───── INPUT MATERIAL

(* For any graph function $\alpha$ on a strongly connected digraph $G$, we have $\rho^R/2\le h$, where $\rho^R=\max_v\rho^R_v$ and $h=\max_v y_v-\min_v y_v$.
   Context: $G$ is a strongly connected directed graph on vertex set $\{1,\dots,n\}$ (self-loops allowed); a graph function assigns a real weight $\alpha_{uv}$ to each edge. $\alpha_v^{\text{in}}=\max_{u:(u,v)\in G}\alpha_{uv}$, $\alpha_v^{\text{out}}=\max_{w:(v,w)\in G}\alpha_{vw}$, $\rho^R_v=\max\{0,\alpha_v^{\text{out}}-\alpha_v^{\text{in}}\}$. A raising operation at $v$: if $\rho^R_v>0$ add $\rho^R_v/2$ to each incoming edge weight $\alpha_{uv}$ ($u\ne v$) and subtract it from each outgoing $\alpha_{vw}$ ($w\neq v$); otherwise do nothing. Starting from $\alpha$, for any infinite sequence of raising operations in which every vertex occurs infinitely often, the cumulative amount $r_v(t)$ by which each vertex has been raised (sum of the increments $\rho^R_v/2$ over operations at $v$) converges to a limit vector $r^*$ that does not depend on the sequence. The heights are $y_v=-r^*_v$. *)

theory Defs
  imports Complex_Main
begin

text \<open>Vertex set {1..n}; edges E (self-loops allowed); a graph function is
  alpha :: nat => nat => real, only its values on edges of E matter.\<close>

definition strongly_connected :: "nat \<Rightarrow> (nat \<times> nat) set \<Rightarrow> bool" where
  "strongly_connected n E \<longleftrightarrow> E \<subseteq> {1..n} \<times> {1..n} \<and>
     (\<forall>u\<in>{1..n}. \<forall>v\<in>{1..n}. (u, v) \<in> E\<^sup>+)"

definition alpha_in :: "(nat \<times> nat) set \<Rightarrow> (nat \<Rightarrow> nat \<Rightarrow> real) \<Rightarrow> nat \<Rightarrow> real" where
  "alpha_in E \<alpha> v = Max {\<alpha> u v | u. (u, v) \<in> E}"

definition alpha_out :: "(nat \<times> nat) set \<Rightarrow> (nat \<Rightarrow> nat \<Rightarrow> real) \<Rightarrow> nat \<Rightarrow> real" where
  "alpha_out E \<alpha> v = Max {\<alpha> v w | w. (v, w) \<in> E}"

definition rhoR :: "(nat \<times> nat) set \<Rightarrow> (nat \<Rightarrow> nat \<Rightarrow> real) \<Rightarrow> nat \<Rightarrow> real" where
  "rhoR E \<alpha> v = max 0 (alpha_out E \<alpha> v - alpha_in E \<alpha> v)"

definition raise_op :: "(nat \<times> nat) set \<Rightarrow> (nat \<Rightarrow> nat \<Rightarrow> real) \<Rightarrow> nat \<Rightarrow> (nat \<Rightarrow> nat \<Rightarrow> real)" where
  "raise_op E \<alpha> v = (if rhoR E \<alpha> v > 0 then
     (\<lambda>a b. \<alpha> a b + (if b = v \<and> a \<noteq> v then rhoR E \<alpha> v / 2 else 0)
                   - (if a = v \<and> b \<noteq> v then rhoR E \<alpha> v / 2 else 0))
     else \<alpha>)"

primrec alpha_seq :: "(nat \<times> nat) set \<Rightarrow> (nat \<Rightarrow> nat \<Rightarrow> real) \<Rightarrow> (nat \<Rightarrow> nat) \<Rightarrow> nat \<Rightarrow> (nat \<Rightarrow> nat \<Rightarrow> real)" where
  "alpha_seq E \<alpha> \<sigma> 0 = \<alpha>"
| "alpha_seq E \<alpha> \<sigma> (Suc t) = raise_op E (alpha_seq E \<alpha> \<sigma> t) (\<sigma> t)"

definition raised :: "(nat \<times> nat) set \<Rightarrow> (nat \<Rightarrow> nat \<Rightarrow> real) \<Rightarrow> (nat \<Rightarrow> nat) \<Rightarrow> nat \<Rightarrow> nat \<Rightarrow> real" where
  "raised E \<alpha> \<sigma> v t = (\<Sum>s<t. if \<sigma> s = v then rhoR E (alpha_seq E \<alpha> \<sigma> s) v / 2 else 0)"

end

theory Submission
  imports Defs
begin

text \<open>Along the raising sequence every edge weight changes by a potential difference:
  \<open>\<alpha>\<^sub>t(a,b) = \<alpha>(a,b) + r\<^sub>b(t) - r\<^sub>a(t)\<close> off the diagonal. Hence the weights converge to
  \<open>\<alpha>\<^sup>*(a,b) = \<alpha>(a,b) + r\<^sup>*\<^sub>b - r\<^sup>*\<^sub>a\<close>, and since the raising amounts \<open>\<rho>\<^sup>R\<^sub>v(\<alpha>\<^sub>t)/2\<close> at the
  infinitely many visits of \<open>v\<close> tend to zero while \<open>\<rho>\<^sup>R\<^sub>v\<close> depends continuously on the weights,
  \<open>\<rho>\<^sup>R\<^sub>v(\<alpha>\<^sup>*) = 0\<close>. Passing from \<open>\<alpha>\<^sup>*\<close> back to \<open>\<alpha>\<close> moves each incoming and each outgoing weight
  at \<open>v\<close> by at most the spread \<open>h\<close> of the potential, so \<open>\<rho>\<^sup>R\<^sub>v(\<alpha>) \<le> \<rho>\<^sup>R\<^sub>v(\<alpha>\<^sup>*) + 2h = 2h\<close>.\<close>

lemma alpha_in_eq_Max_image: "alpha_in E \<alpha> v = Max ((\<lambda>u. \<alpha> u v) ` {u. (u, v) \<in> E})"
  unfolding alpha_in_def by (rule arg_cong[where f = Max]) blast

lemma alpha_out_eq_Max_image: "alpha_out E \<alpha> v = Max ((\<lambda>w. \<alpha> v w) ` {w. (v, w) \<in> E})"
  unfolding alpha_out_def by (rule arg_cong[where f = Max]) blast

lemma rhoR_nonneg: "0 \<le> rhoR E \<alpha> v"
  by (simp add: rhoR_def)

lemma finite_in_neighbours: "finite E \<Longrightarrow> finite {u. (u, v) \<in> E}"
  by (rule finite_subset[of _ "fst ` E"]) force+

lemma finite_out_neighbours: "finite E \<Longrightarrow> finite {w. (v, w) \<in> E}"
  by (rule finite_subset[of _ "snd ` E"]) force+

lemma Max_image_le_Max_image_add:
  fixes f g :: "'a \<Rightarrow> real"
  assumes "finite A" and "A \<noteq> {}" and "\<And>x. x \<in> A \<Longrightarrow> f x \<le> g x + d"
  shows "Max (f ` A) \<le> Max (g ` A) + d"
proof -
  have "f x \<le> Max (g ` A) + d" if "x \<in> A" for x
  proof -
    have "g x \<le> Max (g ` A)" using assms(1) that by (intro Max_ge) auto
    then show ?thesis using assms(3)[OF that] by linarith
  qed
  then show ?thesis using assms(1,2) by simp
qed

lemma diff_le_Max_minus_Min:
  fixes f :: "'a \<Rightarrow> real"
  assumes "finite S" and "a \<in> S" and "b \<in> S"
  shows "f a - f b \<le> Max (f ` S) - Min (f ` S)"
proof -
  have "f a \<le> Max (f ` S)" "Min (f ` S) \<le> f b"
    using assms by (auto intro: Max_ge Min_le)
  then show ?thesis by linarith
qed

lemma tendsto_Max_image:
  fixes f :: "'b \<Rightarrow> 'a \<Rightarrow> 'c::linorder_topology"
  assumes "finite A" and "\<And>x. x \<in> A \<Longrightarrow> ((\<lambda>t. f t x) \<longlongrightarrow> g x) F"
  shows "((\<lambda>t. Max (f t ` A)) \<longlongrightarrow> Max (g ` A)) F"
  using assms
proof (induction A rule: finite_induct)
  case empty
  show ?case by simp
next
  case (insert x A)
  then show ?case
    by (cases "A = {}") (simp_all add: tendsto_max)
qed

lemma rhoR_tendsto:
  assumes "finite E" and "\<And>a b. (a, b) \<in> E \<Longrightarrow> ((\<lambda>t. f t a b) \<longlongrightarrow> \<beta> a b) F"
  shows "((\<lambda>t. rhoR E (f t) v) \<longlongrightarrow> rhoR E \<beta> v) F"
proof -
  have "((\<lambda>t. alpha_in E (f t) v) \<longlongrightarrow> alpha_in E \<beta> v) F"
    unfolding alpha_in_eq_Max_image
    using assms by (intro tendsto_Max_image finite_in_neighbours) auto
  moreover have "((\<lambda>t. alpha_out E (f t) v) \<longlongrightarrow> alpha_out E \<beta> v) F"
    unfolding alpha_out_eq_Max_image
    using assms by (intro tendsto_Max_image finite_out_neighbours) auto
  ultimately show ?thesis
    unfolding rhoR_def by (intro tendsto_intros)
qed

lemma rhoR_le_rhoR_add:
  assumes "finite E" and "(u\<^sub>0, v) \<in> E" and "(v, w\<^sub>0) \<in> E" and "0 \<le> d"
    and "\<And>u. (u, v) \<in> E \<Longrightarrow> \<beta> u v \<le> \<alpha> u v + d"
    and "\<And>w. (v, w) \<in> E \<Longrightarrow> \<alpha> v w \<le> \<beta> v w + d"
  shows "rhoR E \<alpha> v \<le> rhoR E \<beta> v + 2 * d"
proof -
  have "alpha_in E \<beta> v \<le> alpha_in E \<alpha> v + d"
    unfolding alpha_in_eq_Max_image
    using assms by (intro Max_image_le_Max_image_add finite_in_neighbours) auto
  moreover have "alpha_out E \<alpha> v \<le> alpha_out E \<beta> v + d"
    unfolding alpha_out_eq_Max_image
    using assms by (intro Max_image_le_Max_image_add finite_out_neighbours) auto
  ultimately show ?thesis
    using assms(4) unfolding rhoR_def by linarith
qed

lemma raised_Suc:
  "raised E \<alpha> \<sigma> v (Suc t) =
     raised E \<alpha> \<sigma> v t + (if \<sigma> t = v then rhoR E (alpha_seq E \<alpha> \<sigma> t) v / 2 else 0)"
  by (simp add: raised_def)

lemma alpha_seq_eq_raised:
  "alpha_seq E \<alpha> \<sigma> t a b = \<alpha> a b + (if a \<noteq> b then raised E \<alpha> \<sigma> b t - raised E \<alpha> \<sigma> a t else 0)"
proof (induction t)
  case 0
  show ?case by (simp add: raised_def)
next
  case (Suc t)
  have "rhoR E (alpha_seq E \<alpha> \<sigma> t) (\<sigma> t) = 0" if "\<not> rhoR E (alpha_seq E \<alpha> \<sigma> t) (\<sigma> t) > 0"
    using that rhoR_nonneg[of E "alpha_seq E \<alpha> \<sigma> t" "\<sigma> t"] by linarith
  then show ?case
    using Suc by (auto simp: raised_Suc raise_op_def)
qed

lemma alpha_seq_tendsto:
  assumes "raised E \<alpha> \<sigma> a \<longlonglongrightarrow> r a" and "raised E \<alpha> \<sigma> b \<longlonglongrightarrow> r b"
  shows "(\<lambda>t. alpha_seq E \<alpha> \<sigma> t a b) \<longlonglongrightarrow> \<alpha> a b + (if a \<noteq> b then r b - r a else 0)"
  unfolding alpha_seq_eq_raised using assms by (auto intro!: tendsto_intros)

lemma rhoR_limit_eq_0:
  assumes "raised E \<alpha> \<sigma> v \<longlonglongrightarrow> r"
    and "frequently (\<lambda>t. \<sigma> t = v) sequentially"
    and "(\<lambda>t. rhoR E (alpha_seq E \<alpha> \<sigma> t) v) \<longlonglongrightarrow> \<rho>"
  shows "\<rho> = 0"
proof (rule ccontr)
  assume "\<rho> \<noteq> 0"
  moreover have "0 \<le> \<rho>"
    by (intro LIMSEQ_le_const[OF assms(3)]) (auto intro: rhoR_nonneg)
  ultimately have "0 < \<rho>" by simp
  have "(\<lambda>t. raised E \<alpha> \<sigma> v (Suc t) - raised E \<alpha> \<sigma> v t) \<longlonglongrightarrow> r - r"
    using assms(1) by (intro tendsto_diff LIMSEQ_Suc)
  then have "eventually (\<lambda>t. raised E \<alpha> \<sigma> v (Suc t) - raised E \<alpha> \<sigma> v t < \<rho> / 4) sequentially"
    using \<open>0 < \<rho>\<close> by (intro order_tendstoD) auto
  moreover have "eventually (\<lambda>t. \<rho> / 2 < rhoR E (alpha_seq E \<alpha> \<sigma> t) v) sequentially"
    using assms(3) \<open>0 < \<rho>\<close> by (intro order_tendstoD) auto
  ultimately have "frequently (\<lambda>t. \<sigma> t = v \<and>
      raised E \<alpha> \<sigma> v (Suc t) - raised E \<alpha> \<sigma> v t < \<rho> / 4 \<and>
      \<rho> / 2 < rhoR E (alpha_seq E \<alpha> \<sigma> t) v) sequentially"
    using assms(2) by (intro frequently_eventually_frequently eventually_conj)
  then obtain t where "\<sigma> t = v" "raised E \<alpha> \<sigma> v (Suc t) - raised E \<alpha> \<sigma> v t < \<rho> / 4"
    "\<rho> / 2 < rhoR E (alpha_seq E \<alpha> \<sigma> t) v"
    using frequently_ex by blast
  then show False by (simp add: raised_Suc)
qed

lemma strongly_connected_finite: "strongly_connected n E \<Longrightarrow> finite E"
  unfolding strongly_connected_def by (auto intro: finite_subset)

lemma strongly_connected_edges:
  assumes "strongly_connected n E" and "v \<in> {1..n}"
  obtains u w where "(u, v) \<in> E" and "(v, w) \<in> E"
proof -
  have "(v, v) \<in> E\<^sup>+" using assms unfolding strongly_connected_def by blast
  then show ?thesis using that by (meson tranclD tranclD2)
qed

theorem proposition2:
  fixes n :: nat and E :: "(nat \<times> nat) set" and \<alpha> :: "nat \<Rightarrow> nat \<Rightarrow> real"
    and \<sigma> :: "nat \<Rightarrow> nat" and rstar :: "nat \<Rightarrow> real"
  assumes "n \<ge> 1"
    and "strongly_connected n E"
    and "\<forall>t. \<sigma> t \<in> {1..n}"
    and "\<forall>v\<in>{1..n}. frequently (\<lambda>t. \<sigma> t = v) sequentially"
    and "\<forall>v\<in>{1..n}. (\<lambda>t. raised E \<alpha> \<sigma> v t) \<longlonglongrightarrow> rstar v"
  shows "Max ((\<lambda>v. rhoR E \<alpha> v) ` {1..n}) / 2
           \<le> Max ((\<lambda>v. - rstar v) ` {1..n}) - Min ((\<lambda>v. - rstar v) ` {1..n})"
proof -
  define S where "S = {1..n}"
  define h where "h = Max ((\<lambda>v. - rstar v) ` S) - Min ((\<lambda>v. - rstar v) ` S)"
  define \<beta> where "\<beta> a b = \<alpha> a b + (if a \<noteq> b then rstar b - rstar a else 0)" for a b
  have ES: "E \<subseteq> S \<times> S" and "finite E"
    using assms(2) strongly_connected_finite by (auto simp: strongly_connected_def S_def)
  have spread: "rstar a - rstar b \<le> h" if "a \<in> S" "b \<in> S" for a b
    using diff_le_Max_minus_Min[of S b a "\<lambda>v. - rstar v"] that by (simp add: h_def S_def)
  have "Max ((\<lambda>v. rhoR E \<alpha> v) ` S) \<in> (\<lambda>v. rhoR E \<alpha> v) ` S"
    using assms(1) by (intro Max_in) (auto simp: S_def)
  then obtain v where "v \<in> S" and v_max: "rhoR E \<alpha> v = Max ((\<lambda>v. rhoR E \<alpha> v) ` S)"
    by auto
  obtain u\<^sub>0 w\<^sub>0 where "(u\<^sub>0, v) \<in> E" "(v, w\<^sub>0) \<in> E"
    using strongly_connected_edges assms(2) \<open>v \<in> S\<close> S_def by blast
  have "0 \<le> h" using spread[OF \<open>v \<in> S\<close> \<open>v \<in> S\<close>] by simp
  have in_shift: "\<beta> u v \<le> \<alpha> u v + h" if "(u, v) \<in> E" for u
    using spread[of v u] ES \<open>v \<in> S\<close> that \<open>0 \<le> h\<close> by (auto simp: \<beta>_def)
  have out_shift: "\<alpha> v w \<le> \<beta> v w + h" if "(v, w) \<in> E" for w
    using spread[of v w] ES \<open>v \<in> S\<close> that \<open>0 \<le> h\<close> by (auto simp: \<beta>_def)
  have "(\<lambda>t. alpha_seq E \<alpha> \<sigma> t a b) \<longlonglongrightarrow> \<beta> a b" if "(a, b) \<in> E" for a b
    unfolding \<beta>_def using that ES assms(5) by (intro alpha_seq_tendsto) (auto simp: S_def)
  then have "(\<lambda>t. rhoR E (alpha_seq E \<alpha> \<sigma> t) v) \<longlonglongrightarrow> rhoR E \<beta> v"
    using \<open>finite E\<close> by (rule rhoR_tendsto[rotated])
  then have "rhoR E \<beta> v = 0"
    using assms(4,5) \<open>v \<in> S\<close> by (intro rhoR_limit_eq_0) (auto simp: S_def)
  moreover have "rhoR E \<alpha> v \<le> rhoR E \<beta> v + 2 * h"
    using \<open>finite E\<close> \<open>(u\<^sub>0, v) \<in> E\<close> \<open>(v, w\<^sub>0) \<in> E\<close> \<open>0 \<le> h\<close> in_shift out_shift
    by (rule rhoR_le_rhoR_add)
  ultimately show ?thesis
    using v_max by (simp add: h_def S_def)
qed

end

──────────

TASK DESCRIPTION - Using the listing above, copy exactly the line that contains "E \<Longrightarrow> \<alpha>", the line that contains "unfolding alpha_seq_eq_raised using", and each line that falls between them.

WRITTEN ANSWER -
    and "\<And>w. (v, w) \<in> E \<Longrightarrow> \<alpha> v w \<le> \<beta> v w + d"
  shows "rhoR E \<alpha> v \<le> rhoR E \<beta> v + 2 * d"
proof -
  have "alpha_in E \<beta> v \<le> alpha_in E \<alpha> v + d"
    unfolding alpha_in_eq_Max_image
    using assms by (intro Max_image_le_Max_image_add finite_in_neighbours) auto
  moreover have "alpha_out E \<alpha> v \<le> alpha_out E \<beta> v + d"
    unfolding alpha_out_eq_Max_image
    using assms by (intro Max_image_le_Max_image_add finite_out_neighbours) auto
  ultimately show ?thesis
    using assms(4) unfolding rhoR_def by linarith
qed

lemma raised_Suc:
  "raised E \<alpha> \<sigma> v (Suc t) =
     raised E \<alpha> \<sigma> v t + (if \<sigma> t = v then rhoR E (alpha_seq E \<alpha> \<sigma> t) v / 2 else 0)"
  by (simp add: raised_def)

lemma alpha_seq_eq_raised:
  "alpha_seq E \<alpha> \<sigma> t a b = \<alpha> a b + (if a \<noteq> b then raised E \<alpha> \<sigma> b t - raised E \<alpha> \<sigma> a t else 0)"
proof (induction t)
  case 0
  show ?case by (simp add: raised_def)
next
  case (Suc t)
  have "rhoR E (alpha_seq E \<alpha> \<sigma> t) (\<sigma> t) = 0" if "\<not> rhoR E (alpha_seq E \<alpha> \<sigma> t) (\<sigma> t) > 0"
    using that rhoR_nonneg[of E "alpha_seq E \<alpha> \<sigma> t" "\<sigma> t"] by linarith
  then show ?case
    using Suc by (auto simp: raised_Suc raise_op_def)
qed

lemma alpha_seq_tendsto:
  assumes "raised E \<alpha> \<sigma> a \<longlonglongrightarrow> r a" and "raised E \<alpha> \<sigma> b \<longlonglongrightarrow> r b"
  shows "(\<lambda>t. alpha_seq E \<alpha> \<sigma> t a b) \<longlonglongrightarrow> \<alpha> a b + (if a \<noteq> b then r b - r a else 0)"
  unfolding alpha_seq_eq_raised using assms by (auto intro!: tendsto_intros)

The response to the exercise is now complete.